At the same time, it’s a lot of pressure to think of the big plans that God has for this child, and that for whatever reason, you are the one that has been entrusted to nurture them and help them reach their purpose.  This of course goes for mothers who adopt children officially and unofficially, because raising a child is raising a child.  When entrusted with the care of a child, you have the responsibility to speak life into them, regardless of your own circumstances.  Giving them more than you had is always a natural goal, and not in a political or material sense, but in terms of values and experiences.  You just have to “Train up a child in the way that he should go” and trust  and pray that ” he will not depart from it”.  You want to do the absolute best for your child, but in the end you have to trust that they will make good decisions with the tools you have given them.
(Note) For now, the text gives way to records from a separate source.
(* Let $k\ge 2$ be an integer and let $G$ be a finite simple connected graph of order $n\ge k$. Then $$W_{tsp,k}(G)\le k\binom{n}{k}\mu(G)=\frac{2}{k-1}\binom{n-2}{k-2}W(G).$$ Equality holds if and only if $k\in\{2,3\}$, or $k>3$ and $G$ is the star $S_n$ or the complete graph $K_n$.
   Context: $d(u,v)$ is the graph distance; $W(G)=\sum_{\{u,v\}\subseteq V}d(u,v)$ is the Wiener index and $\mu(G)=W(G)/\binom{n}{2}$ the average distance. For a set $S$ of $k$ vertices, $\mathrm{tsp}_k(S)$ is the length (number of edge traversals, with multiplicity) of a shortest closed walk in $G$ visiting all vertices of $S$, and $W_{tsp,k}(G)=\sum_{S\subseteq V,\,|S|=k}\mathrm{tsp}_k(S)$. $S_n$ denotes the star $K_{1,n-1}$. *)

theory Defs
  imports Complex_Main
begin

definition simple_graph :: "'a set \<Rightarrow> ('a \<Rightarrow> 'a \<Rightarrow> bool) \<Rightarrow> bool" where
  "simple_graph V E \<longleftrightarrow> finite V \<and>
     (\<forall>u v. E u v \<longrightarrow> u \<in> V \<and> v \<in> V \<and> u \<noteq> v \<and> E v u)"

text \<open>A walk is a nonempty list of vertices, consecutive ones adjacent;
  its length is the number of edge traversals, i.e. length xs - 1.\<close>
definition is_walk :: "'a set \<Rightarrow> ('a \<Rightarrow> 'a \<Rightarrow> bool) \<Rightarrow> 'a list \<Rightarrow> bool" where
  "is_walk V E xs \<longleftrightarrow> xs \<noteq> [] \<and> set xs \<subseteq> V \<and>
     (\<forall>i. Suc i < length xs \<longrightarrow> E (xs ! i) (xs ! Suc i))"

definition connected_graph :: "'a set \<Rightarrow> ('a \<Rightarrow> 'a \<Rightarrow> bool) \<Rightarrow> bool" where
  "connected_graph V E \<longleftrightarrow>
     (\<forall>u\<in>V. \<forall>v\<in>V. \<exists>xs. is_walk V E xs \<and> hd xs = u \<and> last xs = v)"

definition gdist :: "'a set \<Rightarrow> ('a \<Rightarrow> 'a \<Rightarrow> bool) \<Rightarrow> 'a \<Rightarrow> 'a \<Rightarrow> nat" where
  "gdist V E u v = (LEAST m. \<exists>xs. is_walk V E xs \<and> hd xs = u \<and> last xs = v
                                  \<and> length xs = Suc m)"

text \<open>Wiener index: sum of distances over unordered pairs of distinct vertices
  (each unordered pair counted once; written as half the ordered double sum).\<close>
definition wiener :: "'a set \<Rightarrow> ('a \<Rightarrow> 'a \<Rightarrow> bool) \<Rightarrow> real" where
  "wiener V E = (\<Sum>u\<in>V. \<Sum>v\<in>V. real (gdist V E u v)) / 2"

definition avg_dist :: "'a set \<Rightarrow> ('a \<Rightarrow> 'a \<Rightarrow> bool) \<Rightarrow> real" where
  "avg_dist V E = wiener V E / real (card V choose 2)"

definition tsp :: "'a set \<Rightarrow> ('a \<Rightarrow> 'a \<Rightarrow> bool) \<Rightarrow> 'a set \<Rightarrow> nat" where
  "tsp V E S = (LEAST m. \<exists>xs. is_walk V E xs \<and> hd xs = last xs \<and> S \<subseteq> set xs
                             \<and> length xs = Suc m)"

definition wiener_tsp :: "'a set \<Rightarrow> ('a \<Rightarrow> 'a \<Rightarrow> bool) \<Rightarrow> nat \<Rightarrow> nat" where
  "wiener_tsp V E k = (\<Sum>S\<in>{S. S \<subseteq> V \<and> card S = k}. tsp V E S)"

definition is_star :: "'a set \<Rightarrow> ('a \<Rightarrow> 'a \<Rightarrow> bool) \<Rightarrow> bool" where
  "is_star V E \<longleftrightarrow> (\<exists>c\<in>V. \<forall>u\<in>V. \<forall>v\<in>V. E u v \<longleftrightarrow> (u \<noteq> v \<and> (u = c \<or> v = c)))"

definition is_complete :: "'a set \<Rightarrow> ('a \<Rightarrow> 'a \<Rightarrow> bool) \<Rightarrow> bool" where
  "is_complete V E \<longleftrightarrow> (\<forall>u\<in>V. \<forall>v\<in>V. E u v \<longleftrightarrow> u \<noteq> v)"

end

theory Submission
  imports Defs
begin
Grace under pressure” is a cliché that a mother exercises constantly, because it is a lot of work!  Dealing with all of the highs and lows of life is an accomplishment in itself, and successfully raising a literate person on top of that is pretty deep.  There is so much I have taken for granted that my mother has taught me through word and action.  Even when she was working hard to support me and give me those things she didn’t have growing up, she made sure I was with other women who would care for me as if I was their own and teach me well (shout out to Nana, my Aunties, and my second mothers, I love you guys!).  She taught me how to show love and how to be loved without ever explicitly telling me how, and it is such a blessing that I know I haven’t reflected on as I should.  Since I technically grew up in a single parent home, I have at times been jealous of healthy father-child relationships, but I now realize how privileged I have been to have a mother who deserves celebration.  Yes, I am among the statistical majority who had a loving mother to care for them,  but sadly so many don’t for a lot of different reasons.   With this in mind, the best way I can think of to honor my mother during this season and always is to be a great mother to my son and any future offspring, and a great second mother or mentor to someone else’s child.  If we know love (God is love), we should pass on the legacy of love, and I don’t believe anyone can do this better than a mother.